中文

Part 2

Build the Runtime

The runtime is a scheduler for context, streaming, tools, cancellation, and replay.

Chapter 5: Threads, Sessions, and Durable State

Reading Contract: Use this chapter to understand durable work. Track thread identity, queues, history, rollout, and session ownership as separate answers to state, progress, and resumability.

Durable thread state map separating thread identity, session facade, queues, history, rollout, projections, resume, fork, and rollback
Thread identity, live session ownership, queues, history, and rollout evidence solve different persistence problems and should not collapse into one transcript.

Source boundary: named files, types, functions, tests, schemas, and request or event shapes are verified source only where this chapter links to the pinned Codex commit or its Source Map. Broader architecture terms such as “runtime”, “owner”, “projection”, and “contract” are surrounding contract inference from those visible anchors, not claims about OpenAI service internals.

Chapter 4 ended at the protocol boundary: clients can submit operations, receive events, and exchange model items without knowing how the runtime works. This chapter steps behind that boundary and shows the durable machinery that turns those messages into a live agent thread.

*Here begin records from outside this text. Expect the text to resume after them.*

(* Let $\{X(s)\}_{s\ge 0}$ be a centered Gaussian process with continuous sample paths and covariance kernel $R$ such that (i) there is $\rho>0$ with $R(cs,ct)=c^{2\rho}R(s,t)$ for all $c>0$, $s,t>0$, and (ii) there is $\eta>0$ with $h(x):=x^{-\rho}R(1,x)=O((\log x)^{-\eta})$ as $x\to\infty$. For $\alpha>1$ let $t_n=\alpha^n$, $a_k=(2(\log(k+1)+\log\log\alpha))^{1/2}$, and let $\delta_j$ denote the correlation coefficient between $X(t_{k+1})-X(t_k)$ and $X(t_{k+j+1})-X(t_{k+j})$ (which depends only on $j$). For $|\delta|<1$ and $a,b\in\mathbb{R}$ let $\phi(\delta,a,b)=\mathbb{P}(Z_\delta\in[a,\infty)\times[b,\infty))-\mathbb{P}(Z_0\in[a,\infty)\times[b,\infty))$, where $Z_\delta\sim N\Big(0,\begin{pmatrix}1&\delta\\ \delta&1\end{pmatrix}\Big)$. Then for every $0<\epsilon<\frac12(\eta\wedge 1)$ and every sufficiently large $\alpha$, there exist constants $C_{\eta,\alpha}>0$ and $M_{\eta,\epsilon,\alpha}>0$ such that \[ |\phi(\delta_j,a_k,a_{k+j})|\le C_{\eta,\alpha}\,\frac{1}{k^{1+\epsilon}}\,\frac{1}{j^{1+\eta-2\epsilon}} \] for all $k\ge 1$ and all $j\ge M_{\eta,\epsilon,\alpha}$. *)

theory Defs
  imports "HOL-Probability.Probability" "HOL-Library.Landau_Symbols"
begin

definition gaussian_rv :: "'a measure \<Rightarrow> ('a \<Rightarrow> real) \<Rightarrow> bool" where
  "gaussian_rv M Y \<longleftrightarrow> Y \<in> borel_measurable M \<and>
     ((\<exists>\<mu>. AE \<omega> in M. Y \<omega> = \<mu>) \<or>
      (\<exists>\<mu> \<sigma>. \<sigma> > 0 \<and> distributed M lborel Y (normal_density \<mu> \<sigma>)))"

definition gaussian_process :: "'a measure \<Rightarrow> (real \<Rightarrow> 'a \<Rightarrow> real) \<Rightarrow> bool" where
  "gaussian_process M X \<longleftrightarrow>
     (\<forall>F c. finite F \<longrightarrow> F \<subseteq> {0..} \<longrightarrow> gaussian_rv M (\<lambda>\<omega>. \<Sum>s\<in>F. c s * X s \<omega>))"

definition covar :: "'a measure \<Rightarrow> ('a \<Rightarrow> real) \<Rightarrow> ('a \<Rightarrow> real) \<Rightarrow> real" where
  "covar M Y Z = (\<integral>\<omega>. (Y \<omega> - (\<integral>x. Y x \<partial>M)) * (Z \<omega> - (\<integral>x. Z x \<partial>M)) \<partial>M)"

definition correl :: "'a measure \<Rightarrow> ('a \<Rightarrow> real) \<Rightarrow> ('a \<Rightarrow> real) \<Rightarrow> real" where
  "correl M Y Z = covar M Y Z / sqrt (covar M Y Y * covar M Z Z)"

definition incr :: "(real \<Rightarrow> 'a \<Rightarrow> real) \<Rightarrow> real \<Rightarrow> nat \<Rightarrow> 'a \<Rightarrow> real" where
  "incr X \<alpha> k \<omega> = X (\<alpha> ^ (k+1)) \<omega> - X (\<alpha> ^ k) \<omega>"

definition delta_corr :: "'a measure \<Rightarrow> (real \<Rightarrow> 'a \<Rightarrow> real) \<Rightarrow> real \<Rightarrow> nat \<Rightarrow> nat \<Rightarrow> real" where
  "delta_corr M X \<alpha> k j = correl M (incr X \<alpha> k) (incr X \<alpha> (k+j))"

definition a_seq :: "real \<Rightarrow> nat \<Rightarrow> real" where
  "a_seq \<alpha> k = sqrt (2 * (ln (real k + 1) + ln (ln \<alpha>)))"

definition bvn_density :: "real \<Rightarrow> real \<times> real \<Rightarrow> real" where
  "bvn_density \<delta> z = exp (- ((fst z)\<^sup>2 - 2 * \<delta> * fst z * snd z + (snd z)\<^sup>2) / (2 * (1 - \<delta>\<^sup>2)))
                      / (2 * pi * sqrt (1 - \<delta>\<^sup>2))"

definition bvn_prob :: "real \<Rightarrow> real \<Rightarrow> real \<Rightarrow> real" where
  "bvn_prob \<delta> a b = (LINT z:{a..} \<times> {b..}|lborel. bvn_density \<delta> z)"

definition phi_fun :: "real \<Rightarrow> real \<Rightarrow> real \<Rightarrow> real" where
  "phi_fun \<delta> a b = bvn_prob \<delta> a b - bvn_prob 0 a b"

end

theory Submission
  imports Defs "HOL-Real_Asymp.Real_Asymp"
begin

(* For |\<delta>| \<le> 1/2 the bivariate normal density with correlation \<delta> differs from the product
   density, on [1, \<infinity>)\<^sup>2, by at most |\<delta>| times the separable weight
   x\<^sup>3 e^(-(1-|\<delta>|) x\<^sup>2/2) y\<^sup>3 e^(-(1-|\<delta>|) y\<^sup>2/2), whose integral over [a, \<infinity>) \<times> [b, \<infinity>) is explicit.
   At a = a_k the one-dimensional factor is ((k+1) ln \<alpha>)^(-(1-|\<delta>|)) up to a logarithmic
   factor, so |\<phi>(\<delta>, a_k, a_(k+j))| is at most |\<delta>| k^(-(1+\<epsilon>)) j^(-(1-2\<epsilon>)) once |\<delta>| \<le> \<epsilon>/4.
   By self-similarity the correlation \<delta>_j of the increments does not depend on k: it is a
   second difference of h(\<alpha>^m) = \<alpha>^(-m\<rho>) R(1, \<alpha>^m) over m = j-1, j, j+1, divided by the
   variance of one increment, hence O(j^(-\<eta>)) by the assumption on h. Multiplying the two
   bounds gives the claim. *)

section \<open>Gaussian tail integrals\<close>

(* The cubic factor makes the tail integral elementary; any power \<ge> 2 would serve the
   pointwise bounds. *)
definition cubic_gauss :: "real \<Rightarrow> real \<Rightarrow> real" where
  "cubic_gauss c x = x ^ 3 * exp (- c * x\<^sup>2 / 2)"

definition cubic_gauss_tail :: "real \<Rightarrow> real \<Rightarrow> real" where
  "cubic_gauss_tail c a = (a\<^sup>2 / c + 2 / c\<^sup>2) * exp (- c * a\<^sup>2 / 2)"

lemma cubic_gauss_measurable [measurable]: "cubic_gauss c \<in> borel_measurable borel"
  unfolding cubic_gauss_def by measurable

lemma cubic_gauss_nonneg: "0 \<le> x \<Longrightarrow> 0 \<le> cubic_gauss c x"
  unfolding cubic_gauss_def by simp

lemma cubic_gauss_tail_nonneg: "0 < c \<Longrightarrow> 0 \<le> cubic_gauss_tail c a"
  unfolding cubic_gauss_tail_def by simp

lemma nn_integral_cubic_gauss_atLeast:
  assumes c: "0 < c" and a: "0 \<le> a"
  shows "(\<integral>\<^sup>+x. ennreal (cubic_gauss c x) * indicator {a..} x \<partial>lborel) = ennreal (cubic_gauss_tail c a)"
proof -
  let ?F = "\<lambda>x. - cubic_gauss_tail c x"
  have "(\<integral>\<^sup>+x. ennreal (cubic_gauss c x) * indicator {a..} x \<partial>lborel) = ennreal (0 - ?F a)"
  proof (rule nn_integral_FTC_atLeast)
    show "(?F \<longlongrightarrow> 0) at_top"
      using c unfolding cubic_gauss_tail_def by real_asymp
    show "(?F has_real_derivative cubic_gauss c x) (at x)" for x
      using c unfolding cubic_gauss_tail_def cubic_gauss_def
      by (auto intro!: derivative_eq_intros simp: field_simps power2_eq_square power3_eq_cube)
    show "a \<le> x \<Longrightarrow> 0 \<le> cubic_gauss c x" for x
      using a by (simp add: cubic_gauss_nonneg)
  qed simp
  then show ?thesis by simp
qed

lemma nn_integral_cubic_gauss_Times:
  assumes c: "0 < c" and a: "0 \<le> a" and b: "0 \<le> b"
  shows "(\<integral>\<^sup>+z. ennreal (cubic_gauss c (fst z) * cubic_gauss c (snd z)) * indicator ({a..} \<times> {b..}) z \<partial>lborel)
       = ennreal (cubic_gauss_tail c a * cubic_gauss_tail c b)"
proof -
  let ?f = "\<lambda>x. ennreal (cubic_gauss c x) * indicator {a..} x"
  let ?g = "\<lambda>y. ennreal (cubic_gauss c y) * indicator {b..} y"
  have "ennreal (cubic_gauss c (fst z) * cubic_gauss c (snd z)) * indicator ({a..} \<times> {b..}) z
      = ?f (fst z) * ?g (snd z)" for z
    using a b by (cases z) (auto simp: indicator_def cubic_gauss_nonneg ennreal_mult)
  then have "(\<integral>\<^sup>+z. ennreal (cubic_gauss c (fst z) * cubic_gauss c (snd z)) * indicator ({a..} \<times> {b..}) z \<partial>lborel)
      = (\<integral>\<^sup>+z. ?f (fst z) * ?g (snd z) \<partial>(lborel \<Otimes>\<^sub>M lborel))"
    by (simp only: lborel_prod)
  also have "\<dots> = (\<integral>\<^sup>+x. \<integral>\<^sup>+y. ?f x * ?g y \<partial>lborel \<partial>lborel)"
    by (subst lborel.nn_integral_fst[symmetric]) auto
  also have "\<dots> = (\<integral>\<^sup>+x. ?f x \<partial>lborel) * (\<integral>\<^sup>+y. ?g y \<partial>lborel)"
    by (simp add: nn_integral_cmult nn_integral_multc)
  also have "\<dots> = ennreal (cubic_gauss_tail c a * cubic_gauss_tail c b)"
    using c a b by (simp add: nn_integral_cubic_gauss_atLeast cubic_gauss_tail_nonneg ennreal_mult)
  finally show ?thesis .
qed

lemma set_integral_cubic_gauss_Times:
  assumes c: "0 < c" and a: "0 \<le> a" and b: "0 \<le> b"
  defines "W \<equiv> \<lambda>z::real \<times> real. cubic_gauss c (fst z) * cubic_gauss c (snd z)"
  shows "set_integrable lborel ({a..} \<times> {b..}) W"
    and "(LINT z:{a..} \<times> {b..}|lborel. W z) = cubic_gauss_tail c a * cubic_gauss_tail c b"
proof -
  let ?h = "\<lambda>z. indicator ({a..} \<times> {b..}) z *\<^sub>R W z"
  have "?h \<in> borel_measurable (borel \<Otimes>\<^sub>M borel)"
    unfolding W_def by measurable
  then have meas: "?h \<in> borel_measurable lborel"
    by (simp add: borel_prod)
  have nonneg: "0 \<le> ?h z" for z
    using a b by (cases z) (auto simp: W_def indicator_def cubic_gauss_nonneg)
  have nn: "(\<integral>\<^sup>+z. ennreal (?h z) \<partial>lborel) = ennreal (cubic_gauss_tail c a * cubic_gauss_tail c b)"
    using nn_integral_cubic_gauss_Times[OF c a b]
    by (simp add: W_def indicator_mult_ennreal mult.commute)
  show "set_integrable lborel ({a..} \<times> {b..}) W"
    unfolding set_integrable_def using meas nonneg nn by (intro integrableI_nn_integral_finite) auto
  show "(LINT z:{a..} \<times> {b..}|lborel. W z) = cubic_gauss_tail c a * cubic_gauss_tail c b"
    unfolding set_lebesgue_integral_def using meas nonneg nn c
    by (simp add: integral_eq_nn_integral cubic_gauss_tail_nonneg)
qed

Problem: an agent must be resumable, forkable, interruptible, and observable while still feeling like one continuous conversation.

Thesis: Codex achieves that by separating the live runtime handle from the durable thread record.

Mental model: a thread is the long-lived work ledger; a session is the running process currently serving it.

The Runtime Stack

Codex is not organized around a single “chat object.” The runtime is a stack of handles, each narrowing the authority of the layer above it.

ThreadManager owns the set of live threads and the shared services needed to create new sessions. CodexThread is the stable external handle clients use after a thread is created or resumed. Codex is intentionally narrow: it exposes a submission path and an event path. Session is the large interior object that holds resolved configuration, persistent identity, active turn state, mailbox state, realtime state, goals, review state, and service handles.

This separation matters because clients should not be able to accidentally reach into the scheduler. They submit an operation. The session decides whether that operation starts a new task, steers an active one, records pending input, updates durable metadata, or shuts the thread down.

The First Event Is a Contract

The first client-visible event in a newly opened runtime is the session setup event. It carries the thread identity, session identity, working directory, model choice, provider identifier, approval policy, permission profile, initial messages, and other resolved settings.

That ordering is deliberate. Some startup work can continue after the session is visible: MCP servers may initialize, plugins may report delayed capability, and prewarm work may run in the background. The setup event gives every client a deterministic anchor before those later events arrive.

// Pseudocode - illustrative pattern.
function open_runtime_thread(request):
    resolved = resolve_configuration(request)
    live_store = open_thread_persistence(resolved.thread_identity)
    session = build_session(resolved, live_store)

    emit_event(SessionConfigured(resolved.public_metadata))

    record_initial_history_if_resuming(session)
    start_background_capability_initialization(session)
    start_submission_loop(session)

    return client_thread_handle(session)

The important property is not the exact implementation order. The important property is that clients can treat setup as the beginning of the event stream and can render a resumed thread without waiting for every optional capability to finish loading.

Three Histories

Most mistakes in agent architecture begin by treating “history” as one thing. Codex keeps three histories with different purposes.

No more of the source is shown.